With this in mind, I knew the consequences, cost, and impact of the damage caused any action we took would be dwarfed by the already-existing and still-to-come consequences of the damage and violence occurring in Brazil. During the Fire of London, citizens were recorded to have been forced to destroy the houses of neighbours on their street to prevent the spread of fire, limiting the damage. The concept is centuries old, and is often referred to as acting to prevent a greater harm. We acted to prevent the spread of a fire, both real and ideological, in the public interest of the entire planet’s inhabitants, human and otherwise.
The Brazilian State is indeed not the house between the fire and the population – it is in itself match, lighter, fluid, fuel and igniter. The State is stoking the flames of hate, destruction, violence and genocide – flames we sought to extinguish with our paint. Some may argue Government officials are not to blame. But you would not say that Hitler or his generals were not war criminals just because you could not prove they turned the gas valves themselves in the concentration camps in which my family suffered during the 2nd world war.
“We should never forget that everything Adolf Hitler did in Germany was “legal” and everything the Hungarian freedom fighters did in Hungary was “illegal.” It was “illegal” to aid and comfort a Jew in Hitler’s Germany. Even so, I am sure that, had I lived in Germany at the time, I would have aided and comforted my Jewish brothers. If today I lived in a Communist country where certain principles dear to the Christian faith are suppressed, I would openly advocate disobeying that country’s antireligious laws.” – Martin Lurther King – Writing from Birmingham jail in 1963
Back then, in Nazi-occupied territories, war crimes were considered legal. Resistance to Nazism, fascism, racism, violence and genocide was criminalised, and punishable by death. But good people broke those laws and risked everything anyway. It would be absurd to argue that those who resisted or escaped these moral crimes were themselves immoral criminals, simply because their actions were often illegal. Their morality and conscience propelled them to use any means at their disposal even if it was against the law – theft and sabotage of military equipment, hiding Jewish fugitives, assisting their escapes and border crossings. They acted out of conscience and broke laws to protect themselves, their countries, communities, friends, and fellow human beings from a greater evil – Nazism.
As a grandchild of holocaust survivors, I exist because of said resistance to fascism. The majority of my grandfather’s family died in concentration camps as he escaped Czechoslovakia and fled to London. He, and by extension I, won the privilege of survival where others were not so lucky. To stand now by while people are violently exterminated by the same ideologies that murdered my family would not only be an insult to my ancestors, but a moral abdication of my responsibility as a human being. In other words, I could not live with myself knowing I am alive because people stood up for my kind, while they die because no one stood up for theirs.

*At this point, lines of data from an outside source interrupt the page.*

lemma lagrange_hi_kernel_nonneg:
  assumes "h > 0" "0 < \<gamma>" "\<gamma> < 1" "x \<le> c \<or> x = c + h/2 \<or> c + h \<le> x"
  shows "0 \<le> integral {c..c+h} (\<lambda>y. lagrange_hi c h y * singular_kernel \<gamma> x y)"
proof -
  define m where "m = c + h/2"
  have hi_x: "(\<lambda>y. lagrange_hi c h y * singular_kernel \<gamma> x y) integrable_on {c..c+h}"
    using assms by (intro lagrange_hi_kernel_integrable) auto
  have sign: "c \<le> y \<Longrightarrow> y \<le> m \<Longrightarrow> lagrange_hi c h y \<le> 0"
              "m \<le> y \<Longrightarrow> 0 \<le> lagrange_hi c h y" for y
    using assms lagrange_hi_nonpos[of h c y] lagrange_hi_nonneg[of h c y] by (auto simp: m_def)
  consider "x \<le> c" | "x = m" | "c + h \<le> x" using assms(4) m_def by blast
  then show ?thesis
  proof cases
    case 1
    \<comment> \<open>Compare with the node \<open>c\<close>: the ratio of the two kernels increases across the cell.\<close>
    define \<rho> where "\<rho> y = (y - c) / (y - x)" for y
    have hi_c: "(\<lambda>y. lagrange_hi c h y * singular_kernel \<gamma> c y) integrable_on {c..c+h}"
      using assms by (intro lagrange_hi_kernel_integrable) auto
    have "\<rho> m powr \<gamma> * integral {c..c+h} (\<lambda>y. lagrange_hi c h y * singular_kernel \<gamma> c y)
        \<le> integral {c..c+h} (\<lambda>y. lagrange_hi c h y * singular_kernel \<gamma> x y)"
    proof (rule integral_sign_change_ge[OF hi_c hi_x])
      fix y assume "c < y" "y \<le> m"
      have "\<rho> y powr \<gamma> \<le> \<rho> m powr \<gamma>"
        using 1 \<open>c < y\<close> \<open>y \<le> m\<close> assms distance_ratio_mono[of x c y m]
        by (intro powr_mono2) (auto simp: \<rho>_def)
      then show "lagrange_hi c h y \<le> 0 \<and> singular_kernel \<gamma> x y \<le> \<rho> m powr \<gamma> * singular_kernel \<gamma> c y"
        using 1 \<open>c < y\<close> \<open>y \<le> m\<close> sign singular_kernel_factor[of x c y]
        by (auto simp: \<rho>_def intro!: mult_right_mono singular_kernel_nonneg)
    next
      fix y assume "m \<le> y" "y < c + h"
      have "c < y" using \<open>m \<le> y\<close> assms by (simp add: m_def)
      have "\<rho> m powr \<gamma> \<le> \<rho> y powr \<gamma>"
        using 1 \<open>m \<le> y\<close> assms distance_ratio_mono[of x c m y]
        by (intro powr_mono2) (auto simp: \<rho>_def m_def)
      then show "0 \<le> lagrange_hi c h y \<and> \<rho> m powr \<gamma> * singular_kernel \<gamma> c y \<le> singular_kernel \<gamma> x y"
        using 1 \<open>c < y\<close> \<open>m \<le> y\<close> sign singular_kernel_factor[of x c y]
        by (auto simp: \<rho>_def intro!: mult_right_mono singular_kernel_nonneg)
    qed
    moreover have "0 \<le> \<rho> m powr \<gamma> * integral {c..c+h} (\<lambda>y. lagrange_hi c h y * singular_kernel \<gamma> c y)"
      using lagrange_hi_kernel_nonneg_at_lo[OF assms(1-3)] by simp
    ultimately show ?thesis by linarith
  next
    case 2
    then show ?thesis using lagrange_hi_kernel_nonneg_at_mid[OF assms(1-3)] by (simp add: m_def)
  next
    case 3
    \<comment> \<open>Compare with the constant weight: the kernel increases across the cell.\<close>
    have hi: "(\<lambda>y. lagrange_hi c h y * 1) integrable_on {c..c+h}"
      using lagrange_hi_has_integral[OF assms(1)] by auto
    have "singular_kernel \<gamma> x m * integral {c..c+h} (\<lambda>y. lagrange_hi c h y * 1)
        \<le> integral {c..c+h} (\<lambda>y. lagrange_hi c h y * singular_kernel \<gamma> x y)"
      using 3 assms sign singular_kernel_mono[of _ _ x \<gamma>]
      by (intro integral_sign_change_ge[OF hi hi_x]) (auto simp: m_def)
    moreover have "0 \<le> singular_kernel \<gamma> x m * integral {c..c+h} (\<lambda>y. lagrange_hi c h y * 1)"
      using integral_unique[OF lagrange_hi_has_integral[OF assms(1), of c]] assms
        singular_kernel_nonneg[of \<gamma> x m]
      by simp
    ultimately show ?thesis by linarith
  qed
qed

In this moment I invoke Article 9, our Right to Freedom of Conscience, won by the Conscientious Objectors who refused to go to war in order to kill other human beings. I felt compelled by special circumstances, as an individual, to do all in my power to oppose and prevent the greater crimes of genocide and ecocide. I made a conscious, informed, careful, reasonable act of conscience, but it was also a crime of passion motivated by love, rage, compassion, and grief for the destruction being wrought in Brazil.